George Ochoa, an Oklahoma prisoner sentenced to death in 1996, seeks a certificate of appealability (COA) to appeal the district court’s denial of a habeas petition challenging his competency to be executed under Ford v. Wainwright, 477 U.S. 399, 106 S.Ct. 2595, 91 L.Ed.2d 335 (1986), and Panetti v. Quarterman, 551 U.S. 930, 127 S.Ct. 2842, 168 L.Ed.2d 662 (2007). He has also moved for a stay of his execution, scheduled for December 4, 2012. We deny a COA, dismiss the appeal, and deny a stay as moot.

BACKGROUND

The details of Mr. Ochoa’s crimes have been recited elsewhere, see Ochoa v.
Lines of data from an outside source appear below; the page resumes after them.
(* Let $\mathcal{G}_N$ (the Newton group) be the group of transformations of $\mathbb{R}^4=\mathbb{R}^3\times\mathbb{R}$ of the form $(\mathbf{x},x^4)\mapsto(S\mathbf{x},x^4)+b$ with $S\in SO(3)$ and $b\in\mathbb{R}^4$. An equivalence relation on $\mathbb{R}^4$ is $\mathcal{G}_N$-invariant if and only if there is an additive subgroup $H$ of $\mathbb{R}$ such that either (i) the equivalence class of every $x$ is $[x]=x+(\{\mathbf{0}\}\times H)$, or (ii) the equivalence class of every $x$ is $[x]=x+(\mathbb{R}^3\times H)$.
   Context: An equivalence relation $\sim$ on $\mathbb{R}^4$ is $\mathcal{G}_N$-invariant if $x\sim y$ implies $g(x)\sim g(y)$ for all $x,y$ and all $g\in\mathcal{G}_N$. *)

theory Defs
  imports "HOL-Analysis.Analysis"
begin

type_synonym pt4 = "(real^3) \<times> real"

definition SO3 :: "(real^3^3) set" where
  "SO3 = {S. orthogonal_matrix S \<and> det S = 1}"

definition newton_group :: "(pt4 \<Rightarrow> pt4) set" where
  "newton_group = {g. \<exists>S\<in>SO3. \<exists>b::pt4. \<forall>x::real^3. \<forall>t::real.
                        g (x, t) = (S *v x + fst b, t + snd b)}"

definition GN_invariant :: "pt4 rel \<Rightarrow> bool" where
  "GN_invariant R \<longleftrightarrow> (\<forall>x y. (x, y) \<in> R \<longrightarrow> (\<forall>g\<in>newton_group. (g x, g y) \<in> R))"

definition additive_subgroup :: "real set \<Rightarrow> bool" where
  "additive_subgroup H \<longleftrightarrow> 0 \<in> H \<and> (\<forall>a\<in>H. \<forall>b\<in>H. a + b \<in> H \<and> - a \<in> H)"

end

theory Submission
  imports Defs
begin

text \<open>
  Invariance under translations makes the relation a coset decomposition modulo the additive
  subgroup \<open>K\<close>, the class of the origin. Invariance under rotations makes \<open>K\<close>
  rotation invariant: if \<open>K\<close> contains some \<open>(v, h)\<close> with \<open>v \<noteq> 0\<close>, then it contains
  \<open>(a, h) - (b, h) = (a - b, 0)\<close> for all \<open>a, b\<close> of norm \<open>\<parallel>v\<parallel>\<close>, hence every
  \<open>(u, 0)\<close> with \<open>\<parallel>u\<parallel> \<le> 2\<parallel>v\<parallel>\<close>, hence, adding such vectors, all of \<open>\<real>\<^sup>3 \<times> {0}\<close>.
  Thus \<open>K\<close> is either \<open>{0} \<times> H\<close> or \<open>\<real>\<^sup>3 \<times> H\<close>. Conversely, both kinds of coset
  decompositions are preserved by the Newton group.
\<close>

definition add_subgroup :: "'a::group_add set \<Rightarrow> bool" where
  "add_subgroup K \<longleftrightarrow> 0 \<in> K \<and> (\<forall>a\<in>K. \<forall>b\<in>K. a + b \<in> K \<and> - a \<in> K)"

definition translation_invariant :: "'a::plus rel \<Rightarrow> bool" where
  "translation_invariant R \<longleftrightarrow> (\<forall>x y b. (x, y) \<in> R \<longrightarrow> (x + b, y + b) \<in> R)"

context
  fixes R :: "'a::ab_group_add rel"
  assumes transl: "translation_invariant R"
begin

lemma translation_invariant_shift: "(x, y) \<in> R \<Longrightarrow> (x + b, y + b) \<in> R"
  using transl unfolding translation_invariant_def by blast

lemma translation_invariant_in_rel_iff: "(x, y) \<in> R \<longleftrightarrow> y - x \<in> R `` {0}"
proof
  assume "(x, y) \<in> R"
  then have "(x + - x, y + - x) \<in> R"
    by (rule translation_invariant_shift)
  then show "y - x \<in> R `` {0}"
    by simp
next
  assume "y - x \<in> R `` {0}"
  then have "(0 + x, (y - x) + x) \<in> R"
    by (intro translation_invariant_shift) simp
  then show "(x, y) \<in> R"
    by simp
qed

lemma translation_invariant_Image:
  "R `` {x} = {x + d | d. d \<in> R `` {0}}"
proof (intro set_eqI iffI)
  fix y
  assume "y \<in> R `` {x}"
  then have "y - x \<in> R `` {0}"
    using translation_invariant_in_rel_iff by blast
  then show "y \<in> {x + d | d. d \<in> R `` {0}}"
    by force
next
  fix y
  assume "y \<in> {x + d | d. d \<in> R `` {0}}"
  then obtain d where "y = x + d" "d \<in> R `` {0}"
    by blast
  then show "y \<in> R `` {x}"
    using translation_invariant_in_rel_iff[of x y] by simp
qed

lemma translation_invariant_add_subgroup:
  assumes equiv: "equiv UNIV R"
  shows "add_subgroup (R `` {0})"
proof -
  have refl: "(x, x) \<in> R" for x
    using equiv unfolding equiv_def refl_on_def by blast
  have sym: "(x, y) \<in> R \<Longrightarrow> (y, x) \<in> R" for x y
    using equiv unfolding equiv_def sym_def by blast
  have trans: "(x, y) \<in> R \<Longrightarrow> (y, z) \<in> R \<Longrightarrow> (x, z) \<in> R" for x y z
    using equiv unfolding equiv_def trans_def by blast
  have add: "a + b \<in> R `` {0}" if "a \<in> R `` {0}" "b \<in> R `` {0}" for a b
  proof -
    have "(0 + a, b + a) \<in> R"
      using that(2) by (intro translation_invariant_shift) simp
    with that(1) show ?thesis by (auto simp: add.commute intro: trans)
  qed
  have uminus: "- a \<in> R `` {0}" if "a \<in> R `` {0}" for a
  proof -
    have "(0 + - a, a + - a) \<in> R"
      using that by (intro translation_invariant_shift) simp
    then show ?thesis by (auto intro: sym)
  qed
  show ?thesis
    unfolding add_subgroup_def using refl add uminus by blast
qed

end

lemma add_closed_superset_cball_eq_UNIV:
  fixes K :: "'a::real_normed_vector set"
  assumes "0 \<in> K" and add: "\<And>a b. a \<in> K \<Longrightarrow> b \<in> K \<Longrightarrow> a + b \<in> K"
    and "cball 0 r \<subseteq> K" and "r > 0"
  shows "K = UNIV"
proof -
  have multiple: "real n *\<^sub>R a \<in> K" if "a \<in> K" for a n
    by (induction n) (use \<open>0 \<in> K\<close> add that in \<open>auto simp: algebra_simps\<close>)
  have "u \<in> K" for u
  proof -
    obtain n where n: "norm u / r < real n"
      using reals_Archimedean2 by blast
    with \<open>r > 0\<close> have "n > 0"
      by (metis divide_nonneg_pos norm_ge_zero not_gr0 of_nat_0 order_le_less_trans less_irrefl)
    with n \<open>r > 0\<close> have "u /\<^sub>R real n \<in> cball 0 r"
      by (simp add: field_simps)
    with assms(3) have "real n *\<^sub>R (u /\<^sub>R real n) \<in> K"
      by (intro multiple) blast
    with \<open>n > 0\<close> show ?thesis
      by simp
  qed
  then show ?thesis by blast
qed

lemma diff_of_equal_norms_exists:
  fixes u :: "'a::euclidean_space"
  assumes "2 \<le> DIM('a)" and "norm u \<le> 2 * r"
  shows "\<exists>a b. norm a = r \<and> norm b = r \<and> a - b = u"
proof -
  obtain p where p: "p \<noteq> 0" "orthogonal u p"
    using orthogonal_to_vector_exists[OF assms(1)] by blast
  have "r \<ge> 0"
    using assms(2) norm_ge_zero[of u] by linarith
  define q where "q = (sqrt (r\<^sup>2 - (norm u)\<^sup>2 / 4) / norm p) *\<^sub>R p"
  have "(norm u)\<^sup>2 \<le> (2 * r)\<^sup>2"
    using assms(2) norm_ge_zero power_mono by blast
  then have q2: "(norm q)\<^sup>2 = r\<^sup>2 - (norm u)\<^sup>2 / 4"
    using p(1) unfolding q_def by (simp add: power_mult_distrib)
  \<comment> \<open>\<open>\<pm>u/2 + q\<close> with \<open>q \<bottom> u\<close> and \<open>\<parallel>q\<parallel>\<^sup>2 = r\<^sup>2 - \<parallel>u\<parallel>\<^sup>2/4\<close> both have norm \<open>r\<close> by Pythagoras.\<close>
  have on_sphere: "norm (c *\<^sub>R u + q) = r" if "\<bar>c\<bar> = 1 / 2" for c
  proof -
    have "orthogonal (c *\<^sub>R u) q"
      using p(2) unfolding q_def orthogonal_def by (simp add: inner_commute)
    moreover have "c\<^sup>2 = 1 / 4"
      using power2_abs[of c] that by (simp add: power2_eq_square)
    ultimately have "(norm (c *\<^sub>R u + q))\<^sup>2 = r\<^sup>2"
      using q2 by (simp add: norm_add_Pythagorean power_mult_distrib)
    with \<open>r \<ge> 0\<close> show ?thesis
      by (simp add: power2_eq_iff_nonneg)
  qed
  show ?thesis
  proof (intro exI conjI)
    show "norm ((1/2) *\<^sub>R u + q) = r" "norm ((- 1/2) *\<^sub>R u + q) = r"
      by (rule on_sphere; simp)+
    show "((1/2) *\<^sub>R u + q) - ((- 1/2) *\<^sub>R u + q) = u"
      by (simp add: algebra_simps scaleR_2[symmetric])
  qed
qed

lemma SO3_maps_to_equal_norm:
  fixes a b :: "real^3"
  assumes "norm a = norm b"
  shows "\<exists>S\<in>SO3. S *v a = b"
proof -
  obtain f where f: "orthogonal_transformation f" "det (matrix f) = 1" "f a = b"
    using rotation_exists[of a b] assms by auto
  then have "orthogonal_matrix (matrix f)" "matrix f *v a = b"
    by (auto simp: orthogonal_transformation_matrix matrix_works)
  with f(2) show ?thesis
    unfolding SO3_def by blast
qed

lemma rotation_invariant_subgroup_cases:
  fixes K :: "pt4 set"
  assumes K: "add_subgroup K"
    and rot: "\<And>S v h. S \<in> SO3 \<Longrightarrow> (v, h) \<in> K \<Longrightarrow> (S *v v, h) \<in> K"
  shows "K = {(0, h) | h. (0, h) \<in> K} \<or> K = {(v, h) | v h. (0, h) \<in> K}"
proof (cases "\<exists>v h. v \<noteq> 0 \<and> (v, h) \<in> K")
  case True
  then obtain v h where vh: "v \<noteq> 0" "(v, h) \<in> K"
    by blast
  have add: "a + b \<in> K" if "a \<in> K" "b \<in> K" for a b
    using K that unfolding add_subgroup_def by blast
  have uminus: "- a \<in> K" if "a \<in> K" for a
    using K that unfolding add_subgroup_def by blast
  have "cball 0 (2 * norm v) \<subseteq> {u. (u, 0) \<in> K}"
  proof
    fix u :: "real^3"
    assume "u \<in> cball 0 (2 * norm v)"
    then obtain a b where ab: "norm a = norm v" "norm b = norm v" "a - b = u"
      using diff_of_equal_norms_exists[of u "norm v"] by auto
    obtain S T where "S \<in> SO3" "S *v v = a" "T \<in> SO3" "T *v v = b"
      using SO3_maps_to_equal_norm ab by metis
    then have "(a, h) + - (b, h) \<in> K"
      using add uminus rot vh(2) by metis
    with ab(3) show "u \<in> {u. (u, 0) \<in> K}"
      by simp
  qed
  then have horizontal: "(u, 0) \<in> K" for u
    using add_closed_superset_cball_eq_UNIV[of "{u. (u, 0) \<in> K}" "2 * norm v"] K vh(1) add
    unfolding add_subgroup_def by (force simp: zero_prod_def)
  have "(v, h) \<in> K \<longleftrightarrow> (0, h) \<in> K" for v h
    using add[of "(v, h)" "- (v, 0)"] add[of "(v, 0)" "(0, h)"] uminus horizontal by auto
  then have "K = {(v, h) | v h. (0, h) \<in> K}"
    by force
  then show ?thesis ..
next
  case False
  then show ?thesis
    by auto
qed

lemma additive_subgroup_fiber:
  fixes K :: "pt4 set"
  assumes "add_subgroup K"
  shows "additive_subgroup {h. (0, h) \<in> K}"
  using assms unfolding add_subgroup_def additive_subgroup_def
  by (metis (mono_tags, lifting) add_Pair add_0 mem_Collect_eq uminus_Pair neg_0_equal_iff_equal zero_prod_def)

lemma translation_in_newton_group: "(\<lambda>p. p + b) \<in> newton_group"
proof -
  have "mat 1 \<in> SO3"
    by (simp add: SO3_def orthogonal_matrix_id det_I)
  then show ?thesis
    unfolding newton_group_def by (cases b) (auto intro!: bexI[of _ "mat 1"])
qed

lemma rotation_in_newton_group: "S \<in> SO3 \<Longrightarrow> (\<lambda>(v, h). (S *v v, h)) \<in> newton_group"
  unfolding newton_group_def by (auto intro!: bexI[of _ S] exI[of _ "(0, 0)"])

lemma newton_group_add:
  assumes "g \<in> newton_group"
  obtains S where "S \<in> SO3" "\<And>x v h. g (x + (v, h)) = g x + (S *v v, h)"
proof -
  obtain S b where "S \<in> SO3" and g: "\<And>x t. g (x, t) = (S *v x + fst b, t + snd b)"
    using assms unfolding newton_group_def by blast
  have "g (x + (v, h)) = g x + (S *v v, h)" for x v h
    using g[of "fst x + v" "snd x + h"] g[of "fst x" "snd x"]
    by (cases x) (simp add: matrix_vector_right_distrib algebra_simps)
  with \<open>S \<in> SO3\<close> show thesis
    using that by blast
qed

lemma GN_invariant_translation_invariant:
  "GN_invariant R \<Longrightarrow> translation_invariant R"
  using translation_in_newton_group
  unfolding GN_invariant_def translation_invariant_def by fastforce

lemma GN_invariant_rotation_class:
  assumes "GN_invariant R" "S \<in> SO3" "(v, h) \<in> R `` {0}"
  shows "(S *v v, h) \<in> R `` {0}"
  using assms rotation_in_newton_group[OF assms(2)]
  unfolding GN_invariant_def by (fastforce simp: zero_prod_def)

lemma GN_invariant_if_classes:
  fixes R :: "pt4 rel"
  assumes classes: "\<And>x. R `` {x} = {x + d | d. d \<in> K}"
    and rot: "\<And>S v h. S \<in> SO3 \<Longrightarrow> (v, h) \<in> K \<Longrightarrow> (S *v v, h) \<in> K"
  shows "GN_invariant R"
  unfolding GN_invariant_def
proof (intro allI impI ballI)
  fix x y g
  assume "(x, y) \<in> R" "g \<in> newton_group"
  then obtain v h where "y = x + (v, h)" "(v, h) \<in> K"
    using classes[of x] by fastforce
  moreover obtain S where "S \<in> SO3" "\<And>x v h. g (x + (v, h)) = g x + (S *v v, h)"
    using newton_group_add[OF \<open>g \<in> newton_group\<close>] by blast
  ultimately have "g y \<in> R `` {g x}"
    using classes[of "g x"] rot by auto
  then show "(g x, g y) \<in> R"
    by simp
qed

lemma GN_invariant_if_coset_classes:
  fixes R :: "pt4 rel"
  assumes "(\<forall>x. R `` {x} = {x + (0, h) | h. h \<in> H}) \<or> (\<forall>x. R `` {x} = {x + (v, h) | v h. h \<in> H})"
  shows "GN_invariant R"
  using assms
proof
  assume "\<forall>x. R `` {x} = {x + (0, h) | h. h \<in> H}"
  then have "R `` {x} = {x + d | d. d \<in> {(0, h) | h. h \<in> H}}" for x
    by blast
  then show ?thesis
    by (rule GN_invariant_if_classes) auto
next
  assume "\<forall>x. R `` {x} = {x + (v, h) | v h. h \<in> H}"
  then have "R `` {x} = {x + d | d. d \<in> {(v, h) | v h. h \<in> H}}" for x
    by blast
  then show ?thesis
    by (rule GN_invariant_if_classes) auto
qed

theorem theorem3p3:
  fixes R :: "pt4 rel"
  assumes "equiv UNIV R"
  shows "GN_invariant R \<longleftrightarrow>
    (\<exists>H. additive_subgroup H \<and>
      ((\<forall>x. R `` {x} = {x + (0, h) | h. h \<in> H}) \<or>
       (\<forall>x. R `` {x} = {x + (v, h) | v h. h \<in> H})))"
    (is "_ \<longleftrightarrow> (\<exists>H. additive_subgroup H \<and> ?cosets H)")
proof
  assume inv: "GN_invariant R"
  define K where "K = R `` {0}"
  define H where "H = {h. (0, h) \<in> K}"
  have transl: "translation_invariant R"
    using inv by (rule GN_invariant_translation_invariant)
  have "add_subgroup K"
    unfolding K_def using transl assms by (rule translation_invariant_add_subgroup)
  then have "additive_subgroup H"
    unfolding H_def by (rule additive_subgroup_fiber)
  have "K = {(0, h) | h. h \<in> H} \<or> K = {(v, h) | v h. h \<in> H}"
    using rotation_invariant_subgroup_cases \<open>add_subgroup K\<close> GN_invariant_rotation_class[OF inv]
    unfolding H_def K_def by blast
  moreover have "R `` {x} = {x + d | d. d \<in> K}" for x
    unfolding K_def using transl by (rule translation_invariant_Image)
  ultimately have "?cosets H"
    by auto
  with \<open>additive_subgroup H\<close> show "\<exists>H. additive_subgroup H \<and> ?cosets H"
    by blast
qed (blast intro: GN_invariant_if_coset_classes)

end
State, 963 P.2d 583 (Okla.Crim.App.1998) (affirming conviction and sentence), and are not germane to this proceeding. He has unsuccessfully sought federal habeas relief in two prior petitions, the first raising numerous challenges to his conviction and sentence, see Ochoa v. Gibson, No. 5:99-ev-00538-R (W.D.Okla. Dec. 19, 2001), aff'd, Ochoa v. Workman, 451 Fed.Appx. 718 (10th Cir.2011), and the second challenging his death sentence under Atkins v. Virginia, 536 U.S. 304, 122 S.Ct. 2242, 153 L.Ed.2d 335 (2002), on the basis that he is mentally retarded, see Ochoa v. Sirmons, *707No. 5:06-cv-01348-R (W.D.Okla. March 10, 2010), aff'd, Ochoa v. Workman, 669 F.3d 1130 (10th Cir.2012), cert. denied, — U.S. -, 133 S.Ct. 321, 184 L.Ed.2d 190 (2012). On October 10, 2012, following the denial of certiorari with respect to the second habeas petition, the Oklahoma Court of Criminal Appeals set Mr. Ochoa’s execution for December 4, 2012.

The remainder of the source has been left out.